WHAT THE TASK ASKS: Only one stretch of the records below should be repeated. It starts with the line containing "unfolding lex_less_iff using" and goes on through the line containing "p 0 = q 0 \<and> restr", exactly as written.
+++ DATA FOR THIS TASK +++
lemma cylinder_split: "cylinder a = (\<Union>n. cylinder (a @ [n]))"
  by (auto simp: cylinder_def restr_Suc)

lemma cylinder_disjoint: "m \<noteq> k \<Longrightarrow> cylinder (a @ [m]) \<inter> cylinder (a @ [k]) = {}"
  by (auto simp: cylinder_def restr_Suc)

lemma Inter_cylinder_restr: "(\<Inter>n. cylinder (restr p n)) = {p}"
proof
  show "(\<Inter>n. cylinder (restr p n)) \<subseteq> {p}"
  proof
    fix r assume "r \<in> (\<Inter>n. cylinder (restr p n))"
    then have "r n = p n" for n
      using restr_eq_iff[of r "Suc n" p] by (auto simp: cylinder_def)
    then show "r \<in> {p}" by auto
  qed
qed (auto simp: cylinder_def)

lemma openin_cylinder: "openin lex_sorgenfrey (cylinder a)"
  unfolding openin_lex_sorgenfrey
proof
  fix q assume "q \<in> cylinder a"
  then have "lex_nbhd q (length a) \<subseteq> cylinder a" by (auto simp: cylinder_def mem_lex_nbhd_iff)
  then show "\<exists>m. lex_nbhd q m \<subseteq> cylinder a" ..
qed

lemma homeomorphic_map_imp_sorgenfrey_base:
  assumes hm: "homeomorphic_map lex_sorgenfrey Y H"
  shows "sorgenfrey_base Y (\<lambda>a. H ` cylinder a) \<and> locally_strict (\<lambda>a. H ` cylinder a) \<and>
    strict_branches (\<lambda>a. H ` cylinder a)"
    (is "sorgenfrey_base Y ?V \<and> _")
proof -
  have bij: "bij_betw H UNIV (topspace Y)" and base: "\<And>q. image_nbhd_base Y H q"
    using hm unfolding homeomorphic_map_lex_sorgenfrey_iff by auto
  then have inj: "inj H" by (simp add: bij_betw_def)
  have fruit_eq: "fruit ?V p = {H p}" for p
  proof -
    have "fruit ?V p = H ` (\<Inter>n. cylinder (restr p n))"
      using inj by (simp add: fruit_def image_INT)
    then show ?thesis by (simp add: Inter_cylinder_restr)
  qed
  have BB: "q \<in> BB ?V (H q) Y" for q
    using base BB_iff_image_nbhd_base[OF fruit_eq] by blast
  have "sorgenfrey_base Y ?V"
    unfolding sorgenfrey_base_def
  proof (intro conjI allI impI)
    show "open_scheme Y ?V"
      using homeomorphic_imp_open_map[OF hm] openin_cylinder
      unfolding open_scheme_def open_map_def by blast
    show "complete_scheme ?V" unfolding complete_scheme_def fruit_eq by simp
    show "covering_scheme Y ?V"
      unfolding covering_scheme_def cylinder_Nil
      using bij cylinder_split by (metis bij_betw_imp_surj_on image_UN)
    fix x q n assume "q \<in> branches ?V x"
    then show "\<exists>t\<in>BB ?V x Y. restr t n = restr q n"
      using BB by (auto simp: branches_def fruit_eq)
  next
    show "\<exists>z. q \<in> BB ?V z Y" for q using BB by blast
  qed
  moreover have "locally_strict ?V"
    unfolding locally_strict_def
    using cylinder_split cylinder_disjoint inj by (metis image_UN image_Int image_empty)
  moreover have "strict_branches ?V" unfolding strict_branches_def fruit_eq by blast
  ultimately show ?thesis by blast
qed

subsection \<open>The Sorgenfrey line\<close>

lemma openin_sorgenfrey_line: "openin sorgenfrey_line U \<longleftrightarrow> (\<forall>x\<in>U. \<exists>e>0. {x..<x+e} \<subseteq> U)"
proof
  assume "openin sorgenfrey_line U"
  then have "generate_topology_on {{a..<b} | a b. True} U"
    unfolding sorgenfrey_line_def by (rule openin_topology_generated_by)
  then show "\<forall>x\<in>U. \<exists>e>0. {x..<x+e} \<subseteq> U"
  proof (induction rule: generate_topology_on.induct)
    case (Int a b)
    show ?case
    proof
      fix x assume "x \<in> a \<inter> b"
      then obtain e1 e2 where "e1 > 0" "{x..<x+e1} \<subseteq> a" "e2 > 0" "{x..<x+e2} \<subseteq> b"
        using Int.IH by blast
      moreover have "{x..<x + min e1 e2} \<subseteq> {x..<x+e1} \<inter> {x..<x+e2}" by auto
      ultimately have "min e1 e2 > 0" "{x..<x + min e1 e2} \<subseteq> a \<inter> b" by (simp, blast)
      then show "\<exists>e>0. {x..<x+e} \<subseteq> a \<inter> b" by blast
    qed
  next
    case (UN K)
    then show ?case by (meson Union_iff subset_iff)
  next
    case (Basis s)
    then obtain a b where s: "s = {a..<b}" by blast
    show ?case
    proof
      fix x assume "x \<in> s"
      then show "\<exists>e>0. {x..<x+e} \<subseteq> s" unfolding s by (intro exI[of _ "b - x"]) auto
    qed
  qed simp
next
  assume U: "\<forall>x\<in>U. \<exists>e>0. {x..<x+e} \<subseteq> U"
  have "U = \<Union>{{a..<b} | a b. {a..<b} \<subseteq> U}"
  proof
    show "U \<subseteq> \<Union>{{a..<b} | a b. {a..<b} \<subseteq> U}"
    proof
      fix x assume "x \<in> U"
      then obtain e where "e > 0" "{x..<x+e} \<subseteq> U" using U by blast
      then show "x \<in> \<Union>{{a..<b} | a b. {a..<b} \<subseteq> U}" by (intro UnionI[of "{x..<x+e}"]) auto
    qed
  qed blast
  moreover have "openin sorgenfrey_line (\<Union>{{a..<b} | a b. {a..<b} \<subseteq> U})"
    unfolding sorgenfrey_line_def by (rule openin_Union) (auto intro: topology_generated_by_Basis)
  ultimately show "openin sorgenfrey_line U" by simp
qed

lemma openin_sorgenfrey_line_atLeastLessThan: "openin sorgenfrey_line {a..<b}"
  unfolding sorgenfrey_line_def by (rule topology_generated_by_Basis) blast

lemma topspace_sorgenfrey_line [simp]: "topspace sorgenfrey_line = UNIV"
proof -
  have "openin sorgenfrey_line UNIV" unfolding openin_sorgenfrey_line by (auto intro: exI[of _ 1])
  then show ?thesis by (metis openin_subset top.extremum_uniqueI)
qed

lemma Hausdorff_space_sorgenfrey_line: "Hausdorff_space sorgenfrey_line"
  unfolding Hausdorff_space_def
proof (intro allI impI)
  fix x y :: real assume "x \<in> topspace sorgenfrey_line \<and> y \<in> topspace sorgenfrey_line \<and> x \<noteq> y"
  then consider "x < y" | "y < x" by fastforce
  then show "\<exists>U V. openin sorgenfrey_line U \<and> openin sorgenfrey_line V \<and> x \<in> U \<and> y \<in> V \<and> disjnt U V"
  proof cases
    case 1 then show ?thesis
      by (intro exI[of _ "{x..<y}"] exI[of _ "{y..<y+1}"])
        (auto simp: openin_sorgenfrey_line_atLeastLessThan disjnt_def)
  next
    case 2 then show ?thesis
      by (intro exI[of _ "{x..<x+1}"] exI[of _ "{y..<x}"])
        (auto simp: openin_sorgenfrey_line_atLeastLessThan disjnt_def)
  qed
qed

subsection \<open>Coding Baire space into the reals\<close>

definition seq_tl :: "(nat \<Rightarrow> nat) \<Rightarrow> nat \<Rightarrow> nat" where
  "seq_tl p = (\<lambda>n. p (Suc n))"

definition seq_cons :: "nat \<Rightarrow> (nat \<Rightarrow> nat) \<Rightarrow> nat \<Rightarrow> nat" where
  "seq_cons k r = (\<lambda>n. case n of 0 \<Rightarrow> k | Suc j \<Rightarrow> r j)"

lemma seq_cons_simps [simp]: "seq_cons k r 0 = k" "seq_tl (seq_cons k r) = r"
  by (auto simp: seq_cons_def seq_tl_def)

lemma seq_cons_hd_tl: "seq_cons (p 0) (seq_tl p) = p"
  by (rule ext) (auto simp: seq_cons_def seq_tl_def split: nat.split)

lemma lex_less_seq_tl_iff:
  assumes "p 0 = q 0"
  shows "lex_less q p \<longleftrightarrow> lex_less (seq_tl q) (seq_tl p)"
proof
  assume "lex_less q p"
  then obtain n where n: "\<forall>i<n. q i = p i" "q n < p n" unfolding lex_less_iff by blast
  then obtain j where "n = Suc j" using assms by (cases n) auto
  then show "lex_less (seq_tl q) (seq_tl p)"
    unfolding lex_less_iff seq_tl_def using n by (intro exI[of _ j]) auto
next
  assume "lex_less (seq_tl q) (seq_tl p)"
  then obtain n where n: "\<forall>i<n. q (Suc i) = p (Suc i)" "q (Suc n) < p (Suc n)"
    unfolding lex_less_iff seq_tl_def by blast
  then show "lex_less q p"
    unfolding lex_less_iff using assms by (intro exI[of _ "Suc n"]) (auto simp: less_Suc_eq_0_disj)
qed

lemma mem_lex_nbhd_Suc_iff:
  "p \<in> lex_nbhd q (Suc m) \<longleftrightarrow> p 0 = q 0 \<and> seq_tl p \<in> lex_nbhd (seq_tl q) m"
proof -
  have "restr p (Suc m) = restr q (Suc m) \<longleftrightarrow>
      p 0 = q 0 \<and> restr (seq_tl p) m = restr (seq_tl q) m"
    unfolding restr_eq_iff seq_tl_def by (auto simp: less_Suc_eq_0_disj)
  moreover have "p 0 = q 0 \<Longrightarrow> p = q \<longleftrightarrow> seq_tl p = seq_tl q"
    using seq_cons_hd_tl[of p] seq_cons_hd_tl[of q] by metis
  ultimately show ?thesis unfolding mem_lex_nbhd_iff using lex_less_seq_tl_iff[of p q] by blast
qed

text \<open>The binary expansion of \<open>unit_code p\<close> is \<open>1\<^bsup>p 0\<^esup> 0 1\<^bsup>p 1\<^esup> 0 \<dots>\<close>:
  its zeros sit at the positions \<open>zero_pos p (Suc n)\<close>.\<close>

definition zero_pos :: "(nat \<Rightarrow> nat) \<Rightarrow> nat \<Rightarrow> nat" where
  "zero_pos p n = (\<Sum>i<n. Suc (p i))"

definition unit_code :: "(nat \<Rightarrow> nat) \<Rightarrow> real" where
  "unit_code p = 1 - (\<Sum>n. (1/2) ^ zero_pos p (Suc n))"

lemma zero_pos_Suc: "zero_pos p (Suc n) = Suc (p 0) + zero_pos (seq_tl p) n"
  unfolding zero_pos_def seq_tl_def by (simp only: sum.lessThan_Suc_shift)

lemma zero_pos_ge: "n \<le> zero_pos p n"
  unfolding zero_pos_def by (induction n) auto

lemma summable_zero_pos: "summable (\<lambda>n. (1/2::real) ^ zero_pos p n)"
proof (rule summable_comparison_test)
  show "\<exists>N. \<forall>n\<ge>N. norm ((1/2::real) ^ zero_pos p n) \<le> (1/2) ^ n"
    using zero_pos_ge by (auto intro!: power_decreasing)
qed simp

lemma summable_zero_pos_Suc: "summable (\<lambda>n. (1/2::real) ^ zero_pos p (Suc n))"
  using summable_zero_pos[of p] summable_ignore_initial_segment[of _ 1] by simp

lemma unit_code_bounds: "0 \<le> unit_code p" "unit_code p < 1"
proof -
  have "(\<Sum>n. (1/2::real) ^ zero_pos p (Suc n)) \<le> (\<Sum>n. (1/2) ^ Suc n)"
  proof (rule suminf_le)
    show "(1/2::real) ^ zero_pos p (Suc n) \<le> (1/2) ^ Suc n" for n
      by (rule power_decreasing) (use zero_pos_ge in auto)
  qed (use summable_zero_pos_Suc in auto)
  also have "\<dots> = 1"
    using power_half_series sums_unique by fastforce
  finally show "0 \<le> unit_code p" unfolding unit_code_def by simp
  have "0 < (\<Sum>n. (1/2::real) ^ zero_pos p (Suc n))"
    using summable_zero_pos_Suc by (rule suminf_pos) simp
  then show "unit_code p < 1" unfolding unit_code_def by simp
qed

lemma unit_code_rec:
  "unit_code p = 1 - (1/2) ^ p 0 + (1/2) ^ Suc (p 0) * unit_code (seq_tl p)"
proof -
  define S where "S q = (\<Sum>n. (1/2::real) ^ zero_pos q (Suc n))" for q
  let ?c = "(1/2::real) ^ Suc (p 0)"
  have "S p = (\<Sum>n. ?c * (1/2) ^ zero_pos (seq_tl p) n)"
    unfolding S_def zero_pos_Suc by (simp add: power_add)
  also have "\<dots> = ?c * (\<Sum>n. (1/2::real) ^ zero_pos (seq_tl p) n)"
    using summable_zero_pos by (rule suminf_mult)
  also have "(\<Sum>n. (1/2::real) ^ zero_pos (seq_tl p) n) = 1 + S (seq_tl p)"
    using suminf_split_head[OF summable_zero_pos[of "seq_tl p"]] by (simp add: zero_pos_def S_def)
  finally have "S p = ?c + ?c * S (seq_tl p)" by (simp only: distrib_left mult_1_right)
  moreover have "(1/2::real) ^ p 0 = 2 * ?c" by simp
  moreover have unit_code_eq: "unit_code q = 1 - S q" for q by (simp add: unit_code_def S_def)
  ultimately show ?thesis unfolding unit_code_eq right_diff_distrib mult_1_right by linarith
qed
+++
TASK OUTPUT:
    unfolding lex_less_iff using assms by (intro exI[of _ "Suc n"]) (auto simp: less_Suc_eq_0_disj)
qed

lemma mem_lex_nbhd_Suc_iff:
  "p \<in> lex_nbhd q (Suc m) \<longleftrightarrow> p 0 = q 0 \<and> seq_tl p \<in> lex_nbhd (seq_tl q) m"
proof -
  have "restr p (Suc m) = restr q (Suc m) \<longleftrightarrow>
      p 0 = q 0 \<and> restr (seq_tl p) m = restr (seq_tl q) m"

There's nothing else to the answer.